Hacker News new | past | comments | ask | show | jobs | submit login

> The distinction between code and data is very real, and dates back to at least the original Harvard Architecture machine in 1944. Things like W^X and stack canaries have been around for decades too.

You are right in some sense, but wrong in another:

You can easily write an interpreter in a Harvard Architecture machine. You can even do it accidentally for an ad-hoc 'language'. An interpreter naturally treats data as code.

See eg https://gwern.net/turing-complete#security-implications




An interpreter still models execution at a nested level of abstraction — data remains distinguishable from code.


In some sense, yes. In some other sense: in an interpreter data controls behaviour in a Turing complete way. That's functionally equivalent to code.
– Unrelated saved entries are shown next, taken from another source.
(* Let $u$ be a quasi-definite linear functional on $\mathbb C[\boldsymbol x]$, $\boldsymbol\gamma:I\to\mathbb R^D$ a smooth curve on an interval $I\subset\mathbb R$, $w:I\to\mathbb C$ a weight, $v$ the linear functional $\langle v,P\rangle=\int_IP(\boldsymbol\gamma(s))w(s)\,ds$, and $\hat u=u+v$, assumed quasi-definite. Put $\pi_{[m]}(t)=P_{[m]}(\boldsymbol\gamma(t))$, $\hat\pi_{[n]}(t)=\hat P_{[n]}(\boldsymbol\gamma(t))$ and $A_{[l],[m]}=\int_I\pi_{[l]}(s)\pi_{[m]}(s)^\top w(s)\,ds$. Then for $n\ge1$ $$\hat\pi_{[n]}(t)=\Theta_*\begin{pmatrix}H_{[0]}+A_{[0],[0]}&\cdots&A_{[0],[n-1]}&\pi_{[0]}(t)\\ \vdots&\ddots&\vdots&\vdots\\ A_{[n-1],[0]}&\cdots&H_{[n-1]}+A_{[n-1],[n-1]}&\pi_{[n-1]}(t)\\ A_{[n],[0]}&\cdots&A_{[n],[n-1]}&\pi_{[n]}(t)\end{pmatrix},$$ and $$\hat P_{[n]}(\boldsymbol x)=P_{[n]}(\boldsymbol x)-\int_I\hat\pi_{[n]}(s)K_{n-1}(\boldsymbol\gamma(s),\boldsymbol x)w(s)\,ds,\qquad \hat H_{[n]}=H_{[n]}+\int_I\hat\pi_{[n]}(s)\pi_{[n]}(s)^\top w(s)\,ds.$$
   Context: Multi-indices ordered by graded lexicographic order; $\chi(\boldsymbol x)$ the semi-infinite vector of monomials with blocks $\chi_{[k]}$. For a linear functional $u$ on $\mathbb C[\boldsymbol x]$ (applied entrywise), moment matrix $G=\langle u,\chi\chi^\top\rangle$; quasi-definite: all block truncations nonsingular; then $G=S^{-1}HS^{-\top}$ with $S$ block lower unitriangular and $H$ block diagonal with blocks $H_{[k]}$; $P=S\chi$ with blocks $P_{[k]}$ are the monic orthogonal polynomials; hats refer to $\hat u$. $K_{n-1}(\boldsymbol x,\boldsymbol y)=\sum_{m=0}^{n-1}P_{[m]}(\boldsymbol x)^\top H_{[m]}^{-1}P_{[m]}(\boldsymbol y)$. Last quasi-determinant: $\Theta_*\begin{pmatrix}A&B\\C&D\end{pmatrix}=D-CA^{-1}B$, last block row/column being the last displayed ones. *)

theory Defs
  imports "HOL-Analysis.Analysis" "Jordan_Normal_Form.Determinant"
begin

text \<open>Multi-indices are lists of naturals of length D. mi D k lists the
multi-indices of total degree k in lexicographic order (x1 > x2 > ... > xD),
so that chi_[k] = (x^alpha) for alpha in mi D k.\<close>

fun mi :: "nat \<Rightarrow> nat \<Rightarrow> nat list list" where
  "mi 0 k = (if k = 0 then [[]] else [])"
| "mi (Suc d) k = concat (map (\<lambda>i. map (Cons (k - i)) (mi d i)) [0..<Suc k])"

definition bsz :: "nat \<Rightarrow> nat \<Rightarrow> nat" where
  "bsz D k = length (mi D k)"

definition madd :: "nat list \<Rightarrow> nat list \<Rightarrow> nat list" where
  "madd a b = map2 (+) a b"

definition monev :: "nat list \<Rightarrow> (nat \<Rightarrow> complex) \<Rightarrow> complex" where
  "monev a x = (\<Prod>i<length a. x i ^ (a ! i))"

text \<open>Flattened indexing of the blocks 0..n-1: list of (block, local index).\<close>
definition idx :: "nat \<Rightarrow> nat \<Rightarrow> (nat \<times> nat) list" where
  "idx D n = concat (map (\<lambda>k. map (\<lambda>a. (k, a)) [0..<bsz D k]) [0..<n])"

definition off :: "nat \<Rightarrow> nat \<Rightarrow> nat" where
  "off D n = (\<Sum>k<n. bsz D k)"

text \<open>A linear functional on C[x] is determined by its moments mom alpha = <u, x^alpha>.\<close>

definition Gblk :: "(nat list \<Rightarrow> complex) \<Rightarrow> nat \<Rightarrow> nat \<Rightarrow> nat \<Rightarrow> complex mat" where
  "Gblk mom D k l = mat (bsz D k) (bsz D l)
      (\<lambda>(a, b). mom (madd (mi D k ! a) (mi D l ! b)))"

text \<open>Block truncation G_[0..n] (blocks 0..n).\<close>
definition Gtrunc :: "(nat list \<Rightarrow> complex) \<Rightarrow> nat \<Rightarrow> nat \<Rightarrow> complex mat" where
  "Gtrunc mom D n = mat (off D (Suc n)) (off D (Suc n))
      (\<lambda>(r, c). case idx D (Suc n) ! r of (k, a) \<Rightarrow>
                 (case idx D (Suc n) ! c of (l, b) \<Rightarrow>
                    mom (madd (mi D k ! a) (mi D l ! b))))"

definition quasi_definite :: "(nat list \<Rightarrow> complex) \<Rightarrow> nat \<Rightarrow> bool" where
  "quasi_definite mom D \<longleftrightarrow> (\<forall>n. det (Gtrunc mom D n) \<noteq> 0)"

text \<open>G = S^{-1} H S^{-T} with S block lower unitriangular (blocks S k j, j \<le> k,
S k k = identity) and H block diagonal (blocks H k); equivalently S G S^T = H,
written blockwise/entrywise.\<close>
definition block_LDL ::
  "(nat list \<Rightarrow> complex) \<Rightarrow> nat \<Rightarrow> (nat \<Rightarrow> nat \<Rightarrow> complex mat) \<Rightarrow> (nat \<Rightarrow> complex mat) \<Rightarrow> bool" where
  "block_LDL mom D S H \<longleftrightarrow>
     (\<forall>k. S k k = 1\<^sub>m (bsz D k)) \<and>
     (\<forall>k j. j \<le> k \<longrightarrow> S k j \<in> carrier_mat (bsz D k) (bsz D j)) \<and>
     (\<forall>k. H k \<in> carrier_mat (bsz D k) (bsz D k)) \<and>
     (\<forall>k l a b. a < bsz D k \<longrightarrow> b < bsz D l \<longrightarrow>
        (\<Sum>i\<le>k. \<Sum>j\<le>l. \<Sum>c<bsz D i. \<Sum>d<bsz D j.
            S k i $$ (a, c) * Gblk mom D i j $$ (c, d) * S l j $$ (b, d))
        = (if k = l then H k $$ (a, b) else 0))"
And in reality, it's the other way around: Harvard architecture is the interpreter written on top of the runtime of physics. Reality does not distinguish between code and data. Formal constructs we invent might, and it almost works fine in theory (just don't look too close at the boundary between "code" and "data") - but you can't instantiate such systems directly, you're building them inside reality that does not support code/data distinction.

(This is part of the reason why an attacker having physical access to target machine means the target is pwnd. You can enforce whatever constraints and concocted abstraction boundaries you like in your software and hardware; my electron gun doesn't care.)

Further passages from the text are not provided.